Damn Becca, cant believe you fooled me. I still really like D and the slower reading doesnt bother me, it doesnt come across as especially slow i was sure it was was Oramo but I listened to both D and Oramo this morning and the Oramo recording is better (although timings are very similar) and the timpani is similarly vibrant but the strings growl more for Oramo. However, i will be getting that recording of D. I really like it. Having another quick listen this morning hasn't changed my ranking but has made me appreciate some of the playing in recording B a bit more. As i said, C frustrates me as i like parts of it a lot but theres annoying little things that annoy me (not the playing - thats often excellent). I think Woody summed it up better in his post that it lacked "a sense of tempo transition". It robs the recording of a natural rhythmic thrust. Anyway, great comparison, Becca. I dont play this symphony often enough. Ive resolved that this weekend.

Rank: D B C A


----------



## Guest (Jul 7, 2019)

My order (best first): D, B, C, A

I didn't like C and A. They're both too fast. As noted earlier, there is coughing in A at around 45 secs. 

I think I know the identity of D and B, as I have both of these. 

The version of this symphony I like best of all is none of the above but was recently recommended earlier this year in the BBC's "Building a Library" section of Record Review.


----------



## Malx (Jun 18, 2017)

Having listened to them all this morning with a few little breaks my order of preference is:

B, C, D, A.


----------



## Becca (Feb 5, 2015)

I continue to be fascinated by the varied opinions ... which is good. Thanks to everyone who is taking part.


----------



## Merl (Jul 28, 2016)

Becca said:


> I continue to be fascinated by the varied opinions ... which is good. Thanks to everyone who is taking part.


Whats your order of preference, Becca?


----------



## Becca (Feb 5, 2015)

I would be a bit hard-pressed to fairly answer that as I feel rather OD'd on Sibelius lately, and particularly the 5th. I will say that C impressed me when I came across it and it was the trigger for doing this comparison.


----------



## Becca (Feb 5, 2015)

As there have been quite a few participants so far, I will acknowledge that all 4 are live performances.


----------



## Enthusiast (Mar 5, 2016)

OK. I have listened to all four back-to-back (starting with D). Like most others I liked A the least. It lacked coherence, seeming to ramble in places. Between the other three it is more difficult to choose a favourite. They are each quite different and seem to work well on their own terms. Preference might be down to mood. 

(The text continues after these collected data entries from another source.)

definition tri_mult :: "(int \<Rightarrow> int \<Rightarrow> 'k::comm_ring_1) \<Rightarrow> (int \<Rightarrow> int \<Rightarrow> 'k) \<Rightarrow> int \<Rightarrow> int \<Rightarrow> 'k" where
  "tri_mult A B i j = (\<Sum>k\<in>{i..j}. A i k * B k j)"

lemma tri_mult_assoc: "tri_mult (tri_mult A B) C i j = tri_mult A (tri_mult B C) i j"
proof -
  have "tri_mult (tri_mult A B) C i j = (\<Sum>k\<in>{i..j}. \<Sum>u\<in>{u\<in>{i..j}. u \<le> k}. A i u * B u k * C k j)"
    unfolding tri_mult_def sum_distrib_right by (intro sum.cong refl) (auto intro!: sum.cong)
  also have "\<dots> = (\<Sum>u\<in>{i..j}. \<Sum>k\<in>{k\<in>{i..j}. u \<le> k}. A i u * B u k * C k j)"
    by (rule sum.swap_restrict) auto
  also have "\<dots> = tri_mult A (tri_mult B C) i j"
    unfolding tri_mult_def sum_distrib_left
    by (intro sum.cong refl) (auto simp: mult.assoc intro!: sum.cong)
  finally show ?thesis .
qed

lemma tri_mult_cong:
  assumes "\<And>k. i \<le> k \<Longrightarrow> k \<le> j \<Longrightarrow> A i k = A' i k" "\<And>k. i \<le> k \<Longrightarrow> k \<le> j \<Longrightarrow> B k j = B' k j"
  shows "tri_mult A B i j = tri_mult A' B' i j"
  unfolding tri_mult_def using assms by (intro sum.cong) auto

lemma tri_mult_kron_left:
  assumes "i \<le> j"
  shows "tri_mult kron C i j = C i j"
proof -
  have "tri_mult kron C i j = (\<Sum>k\<in>{i..j}. if i = k then C k j else 0)"
    unfolding tri_mult_def by (intro sum.cong) (auto simp: kron_def)
  then show ?thesis
    using assms by (simp add: sum.delta)
qed

lemma tri_mult_diag: "tri_mult A B i i = A i i * B i i"
  by (simp add: tri_mult_def)

lemma tri_mult_below_diag: "j < i \<Longrightarrow> tri_mult A B i j = 0"
  by (simp add: tri_mult_def)
(* Let $n\geq 2$, $m\geq 1$, $r\geq 3$ be integers and let $\alpha$ be an integer with $1\leq\alpha<(m+1)^n$. Then $\Gamma_n^{\alpha,r}$ is homotopy equivalent to the induced subcomplex of $\Gamma_n^{\alpha,r}$ on the vertex set $\{x\in V(\Gamma_n^{\alpha,r}) : |x_i|\leq\lfloor r/2\rfloor \text{ and } |x_j|+|x_k|\leq\lceil r/2\rceil \text{ for all } i,j,k\in[n],\ j\neq k\}$.
   Context: $[n]=\{1,\ldots,n\}$. $\mathbb{Z}^n$ carries the Manhattan metric $d(x,y)=\sum_i|x_i-y_i|$; for $X\subseteq\mathbb{Z}^n$, $\mathrm{VR}(X;r)$ is the simplicial complex on $X$ whose simplices are finite subsets of diameter at most $r$. Let $\prec$ be the anti-lexicographic order on $\mathbb{Z}^n$: $x\prec y$ iff at the largest index $i$ with $x_i\neq y_i$ one has $x_i<y_i$. Let $V_m=\{0,\ldots,m\}^n$. Let $H$ be $V_m$ with its first $\alpha$ elements (with respect to $\prec$) removed, $\delta$ the $\prec$-least element of $H$, and $Y=\{x-\delta: x\in H\}$ (so $\mathbf{0}$ is the least element of $Y$). Then $\Gamma_n^{\alpha,r}$ is the link of $\mathbf{0}$ in $\mathrm{VR}(Y;r)$, i.e. the complex of simplices $\tau$ of $\mathrm{VR}(Y;r)$ with $\mathbf{0}\notin\tau$ and $\tau\cup\{\mathbf{0}\}\in\mathrm{VR}(Y;r)$. The induced subcomplex of $K$ on a vertex set $W$ consists of the simplices of $K$ contained in $W$. *)

theory Defs
  imports "HOL-Analysis.Analysis"
begin

text \<open>Points of Z^n are int lists of length n; coordinate i in [n] is entry i-1.\<close>

definition manhattan :: "int list \<Rightarrow> int list \<Rightarrow> int" where
  "manhattan x y = sum_list (map2 (\<lambda>a b. \<bar>a - b\<bar>) x y)"

definition antilex_less :: "int list \<Rightarrow> int list \<Rightarrow> bool" where
  "antilex_less x y \<longleftrightarrow> length x = length y \<and>
     (\<exists>i<length x. x ! i < y ! i \<and> (\<forall>j. i < j \<and> j < length x \<longrightarrow> x ! j = y ! j))"

definition cube :: "nat \<Rightarrow> nat \<Rightarrow> int list set" where
  "cube n m = {x. length x = n \<and> (\<forall>i<n. 0 \<le> x ! i \<and> x ! i \<le> int m)}"

text \<open>V_m with its first alpha elements (w.r.t. anti-lex order) removed.\<close>
definition cube_removed :: "nat \<Rightarrow> nat \<Rightarrow> nat \<Rightarrow> int list set" where
  "cube_removed n m \<alpha> = {x \<in> cube n m. \<alpha> \<le> card {y \<in> cube n m. antilex_less y x}}"

definition least_elem :: "int list set \<Rightarrow> int list" where
  "least_elem H = (THE d. d \<in> H \<and> (\<forall>y\<in>H. y \<noteq> d \<longrightarrow> antilex_less d y))"

definition shifted :: "nat \<Rightarrow> nat \<Rightarrow> nat \<Rightarrow> int list set" where
  "shifted n m \<alpha> = (\<lambda>x. map2 (-) x (least_elem (cube_removed n m \<alpha>))) ` cube_removed n m \<alpha>"

definition VR :: "int list set \<Rightarrow> int \<Rightarrow> int list set set" where
  "VR X r = {\<sigma>. \<sigma> \<noteq> {} \<and> finite \<sigma> \<and> \<sigma> \<subseteq> X \<and> (\<forall>x\<in>\<sigma>. \<forall>y\<in>\<sigma>. manhattan x y \<le> r)}"

definition link :: "'v set set \<Rightarrow> 'v \<Rightarrow> 'v set set" where
  "link K v = {\<tau> \<in> K. v \<notin> \<tau> \<and> insert v \<tau> \<in> K}"

definition Gamma :: "nat \<Rightarrow> nat \<Rightarrow> nat \<Rightarrow> int \<Rightarrow> int list set set" where
  "Gamma n m \<alpha> r = link (VR (shifted n m \<alpha>) r) (replicate n 0)"

definition vertices :: "'v set set \<Rightarrow> 'v set" where
  "vertices K = {v. {v} \<in> K}"

definition induced :: "'v set set \<Rightarrow> 'v set \<Rightarrow> 'v set set" where
  "induced K W = {\<sigma> \<in> K. \<sigma> \<subseteq> W}"

definition geom_real :: "'v set set \<Rightarrow> ('v \<Rightarrow> real) topology" where
  "geom_real K = subtopology (powertop_real UNIV)
     {f. (\<forall>v. 0 \<le> f v) \<and> (\<exists>\<sigma>\<in>K. {v. f v \<noteq> 0} \<subseteq> \<sigma> \<and> sum f \<sigma> = 1)}"

end

theory Submission
  imports Defs
begin
(* Let $n\ge2$, let $\Omega\subset\mathbb{R}^n$ be a bounded domain with $C^{2+\alpha}$ boundary, $(d_1,d_2,f,\kappa)\in(0,\infty)^4$, and $\varphi\in C_0^\infty(\mathbb{R}^n)$ non-negative, radially symmetric, with support in $B_1(0)$ and non-increasing radial profile. For $j\ge1$ let $\chi_j(x,y):=j^{n+2}\varphi(j(x-y))$, $\Gamma_{\chi_j}z(x):=\int_\Omega\chi_j(x,y)(z(y)-z(x))\,\mathrm{d}y$, and $Y_j[z]:=\int_{\Omega\times\Omega}\chi_j(x,y)[z(x)-z(y)]^2\,\mathrm{d}(x,y)$ for $z\in L_2(\Omega)$. Fix non-negative $(u^0,v^0)\in L_\infty(\Omega)^2$ and let $(u_j,v_j)\in C^1([0,\infty),L_\infty(\Omega)^2)$ be the non-negative solution to $$\partial_t u_j=d_1\Gamma_{\chi_j}u_j-u_jv_j^2+f(1-u_j),\quad \partial_t v_j=d_2\Gamma_{\chi_j}v_j+u_jv_j^2-(f+\kappa)v_j,\quad (u_j,v_j)(0)=(u^0,v^0).$$ Then there is $C_1>0$ depending only on $n,\Omega,d_1,d_2,\varphi,f,\kappa,(u^0,v^0)$ such that for all $t>0$ and $j\ge1$, $$\|u_j(t)\|_2^2+\|v_j(t)\|_2^2\le C_1,\qquad \int_0^t\big(Y_j[u_j(s)]+Y_j[v_j(s)]+\|(u_jv_j)(s)\|_2^2\big)\,\mathrm{d}s\le C_1(1+t).$$ *)

theory Defs
  imports "HOL-Analysis.Analysis" "HOL-Probability.Essential_Supremum"
begin

text \<open>P xs is the partial derivative along the coordinate directions in xs
  (the head of the list being the outermost derivative).\<close>
definition smooth_fun :: "(real^'n \<Rightarrow> real) \<Rightarrow> bool" where
  "smooth_fun g \<longleftrightarrow> (\<exists>P :: 'n list \<Rightarrow> real^'n \<Rightarrow> real.
      P [] = g \<and> (\<forall>is. continuous_on UNIV (P is)) \<and>
      (\<forall>is i x. ((\<lambda>t. P is (x + t *\<^sub>R axis i 1)) has_real_derivative P (i # is) x) (at 0)))"

text \<open>C^{2+alpha} boundary, via local defining functions: near every boundary point p
  the domain is the sublevel set rho < 0 of a C^{2,alpha} function rho with nonvanishing
  gradient g and Hessian H which is alpha-Hoelder continuous.\<close>
definition C2alpha_boundary :: "(real^'n) set \<Rightarrow> real \<Rightarrow> bool" where
  "C2alpha_boundary \<Omega> \<alpha> \<longleftrightarrow> (\<forall>p\<in>frontier \<Omega>. \<exists>r>0. \<exists>(\<rho>::real^'n \<Rightarrow> real) g H (L::real).
      (\<forall>x\<in>ball p r. (\<rho> has_derivative (\<lambda>h. g x \<bullet> h)) (at x) \<and>
                     (g has_derivative (\<lambda>h. (H x :: real^'n^'n) *v h)) (at x) \<and> g x \<noteq> 0) \<and>
      (\<forall>x\<in>ball p r. \<forall>y\<in>ball p r. \<forall>i k. \<bar>H x $ i $ k - H y $ i $ k\<bar> \<le> L * dist x y powr \<alpha>) \<and>
      \<Omega> \<inter> ball p r = {x\<in>ball p r. \<rho> x < 0})"

definition Linf_norm :: "(real^'n) set \<Rightarrow> (real^'n \<Rightarrow> real) \<Rightarrow> ereal" where
  "Linf_norm \<Omega> z = esssup (restrict_space lebesgue \<Omega>) (\<lambda>x. ereal \<bar>z x\<bar>)"

definition Linf :: "(real^'n) set \<Rightarrow> (real^'n \<Rightarrow> real) set" where
  "Linf \<Omega> = {z. z \<in> borel_measurable (restrict_space lebesgue \<Omega>) \<and> Linf_norm \<Omega> z < \<infinity>}"

definition Linf_C1 :: "(real^'n) set \<Rightarrow> (real \<Rightarrow> real^'n \<Rightarrow> real) \<Rightarrow> (real \<Rightarrow> real^'n \<Rightarrow> real) \<Rightarrow> bool" where
  "Linf_C1 \<Omega> u u' \<longleftrightarrow>
     (\<forall>t\<ge>0. u t \<in> Linf \<Omega> \<and> u' t \<in> Linf \<Omega>) \<and>
     (\<forall>t\<ge>0. ((\<lambda>h. Linf_norm \<Omega> (\<lambda>x. (u (t + h) x - u t x) / h - u' t x)) \<longlongrightarrow> 0)
               (at 0 within {-t..})) \<and>
     (\<forall>t\<ge>0. ((\<lambda>s. Linf_norm \<Omega> (\<lambda>x. u' s x - u' t x)) \<longlongrightarrow> 0) (at t within {0..}))"

definition kernel :: "(real^'n \<Rightarrow> real) \<Rightarrow> nat \<Rightarrow> real^'n \<Rightarrow> real^'n \<Rightarrow> real" where
  "kernel \<phi> j x y = real j ^ (CARD('n) + 2) * \<phi> (real j *\<^sub>R (x - y))"

definition Gamma :: "(real^'n) set \<Rightarrow> (real^'n \<Rightarrow> real) \<Rightarrow> nat \<Rightarrow> (real^'n \<Rightarrow> real) \<Rightarrow> real^'n \<Rightarrow> real" where
  "Gamma \<Omega> \<phi> j z x = (LINT y:\<Omega>|lebesgue. kernel \<phi> j x y * (z y - z x))"

definition Yfun :: "(real^'n) set \<Rightarrow> (real^'n \<Rightarrow> real) \<Rightarrow> nat \<Rightarrow> (real^'n \<Rightarrow> real) \<Rightarrow> ennreal" where
  "Yfun \<Omega> \<phi> j z = (\<integral>\<^sup>+ p\<in>\<Omega> \<times> \<Omega>. ennreal (kernel \<phi> j (fst p) (snd p) * (z (fst p) - z (snd p))^2)
                       \<partial>(lebesgue \<Otimes>\<^sub>M lebesgue))"

definition L2sq :: "(real^'n) set \<Rightarrow> (real^'n \<Rightarrow> real) \<Rightarrow> ennreal" where
  "L2sq \<Omega> z = (\<integral>\<^sup>+ x\<in>\<Omega>. ennreal ((z x)^2) \<partial>lebesgue)"

definition is_solution :: "(real^'n) set \<Rightarrow> (real^'n \<Rightarrow> real) \<Rightarrow> real \<Rightarrow> real \<Rightarrow> real \<Rightarrow> real \<Rightarrow>
    (real^'n \<Rightarrow> real) \<Rightarrow> (real^'n \<Rightarrow> real) \<Rightarrow> nat \<Rightarrow>
    (real \<Rightarrow> real^'n \<Rightarrow> real) \<Rightarrow> (real \<Rightarrow> real^'n \<Rightarrow> real) \<Rightarrow> bool" where
  "is_solution \<Omega> \<phi> d1 d2 f \<kappa> u0 v0 j u v \<longleftrightarrow>
     (\<exists>u' v'. Linf_C1 \<Omega> u u' \<and> Linf_C1 \<Omega> v v' \<and>
        (\<forall>t\<ge>0. AE x\<in>\<Omega> in lebesgue. u t x \<ge> 0 \<and> v t x \<ge> 0) \<and>
        (\<forall>t\<ge>0. AE x\<in>\<Omega> in lebesgue.
            u' t x = d1 * Gamma \<Omega> \<phi> j (u t) x - u t x * (v t x)^2 + f * (1 - u t x)) \<and>
        (\<forall>t\<ge>0. AE x\<in>\<Omega> in lebesgue.
            v' t x = d2 * Gamma \<Omega> \<phi> j (v t) x + u t x * (v t x)^2 - (f + \<kappa>) * v t x) \<and>
        (AE x\<in>\<Omega> in lebesgue. u 0 x = u0 x \<and> v 0 x = v0 x))"

end

theory Submission
  imports Defs
begin

text \<open>
  With the weight \<alpha> = (d1 + d2)^2 / (d1 d2), the energy E = \<integral> \<alpha> u^2 + (u + v)^2 of a solution obeys
  E' \<le> - c (Y[u] + Y[v] + \<parallel>u v\<parallel>^2) - f E + C with c and C independent of j.  The Green identity
  \<integral> g \<Gamma>z = - 1/2 \<integral>\<integral> \<chi>(x, y) (g(x) - g(y)) (z(x) - z(y)) turns the diffusion terms into nonlocal
  forms, and the choice of \<alpha> makes the resulting quadratic form dominate c (Y[u] + Y[v]).  In the
  reaction terms the cubic u v^2 cancels from the equation for u + v, leaving - 2 \<alpha> u^2 v^2 and
  terms bounded by - f E + C.  Comparison with the linear ODE bounds E by max (E(0)) (C / f), and
  integrating the inequality bounds the integrated dissipation by (E(0) + C t) / c.
\<close>

lemma sigma_finite_lebesgue: "sigma_finite_measure (lebesgue :: 'a::euclidean_space measure)"
proof -
  obtain C :: "'a set set" where "countable C" "C \<subseteq> sets lborel" "\<Union>C = space lborel"
      "\<forall>a\<in>C. emeasure lborel a \<noteq> \<infinity>"
    using sigma_finite_measure.sigma_finite_countable[OF sigma_finite_lborel] by blast
  then show ?thesis
    unfolding sigma_finite_measure_def by (intro exI[of _ C]) (auto simp: subset_eq)
qed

B seems a good example of a fairly "conventional" approach. It has some oomph (I seem to have heard it very differently to MatthewWeflen?) and the conductor can be quite flexible with speeds - unnecessarily so on some occasions but very effectively elsewhere). I liked C but feel it gives us a work that is perhaps less "big" (less profound?) than most conductors do. I found D difficult. It does seem slower than the others and started almost in stillness. It seemed quite an analytical (opposite of organic) approach and makes quite a number of very telling points. It was the one that is most different to recordings I know well. Following this logic my order of preference is D & B > C > A .... but I am very conscious that a second hearing might change that a little.

The real winner is the work. Even though I know it so well it was a pleasure to listen to four times in a row, even A (which I didn't value as highly as the others). I look forward to seeing the identities of each.


----------



## Becca (Feb 5, 2015)

If you want to know the performance details, then click 'reply with quote' to this post. If not, then don't 

All are live performances from YouTube and Vimeo.

A - Jukka-Pekka Saraste - Lahti Symphony
B - Lorin Maazel - Bavarian Radio Symphony
C - Santtu-Matias Rouvali - Gothenburg Symphony
D - Esa-Pekka Salonen - Swedish Radio Symphony


----------



## Kiki (Aug 15, 2018)

Went through all 4 once, while doing other things, so it wasn't exactly attentive listening. 

C stands out for its expressiveness so far. The good recorded sound definitely has swung my preference too.

D is almost as good but I feel that there are moments when it cannot sustain its slow tempo in the middle movement.

B is probably slightly less expressive, but there are perhaps one too many unnatural moments of fussiness for me. 

In fact, I also find C and D fussy at places.....

Comparatively speaking, A is a bit flat in expression, but I don't dislike the unpretentious nature of it, and it certainly does not feel fussy. 

Honestly, Sibelius 5 has never clicked with me. This is the one Sibelius symphony that over time, I'm finding it less and less rewarding for me (to put it nicely). Unlike the 4th, which I always find it difficult to get into its mood, but it's getting more and more rewarding over time whenever I make the effort.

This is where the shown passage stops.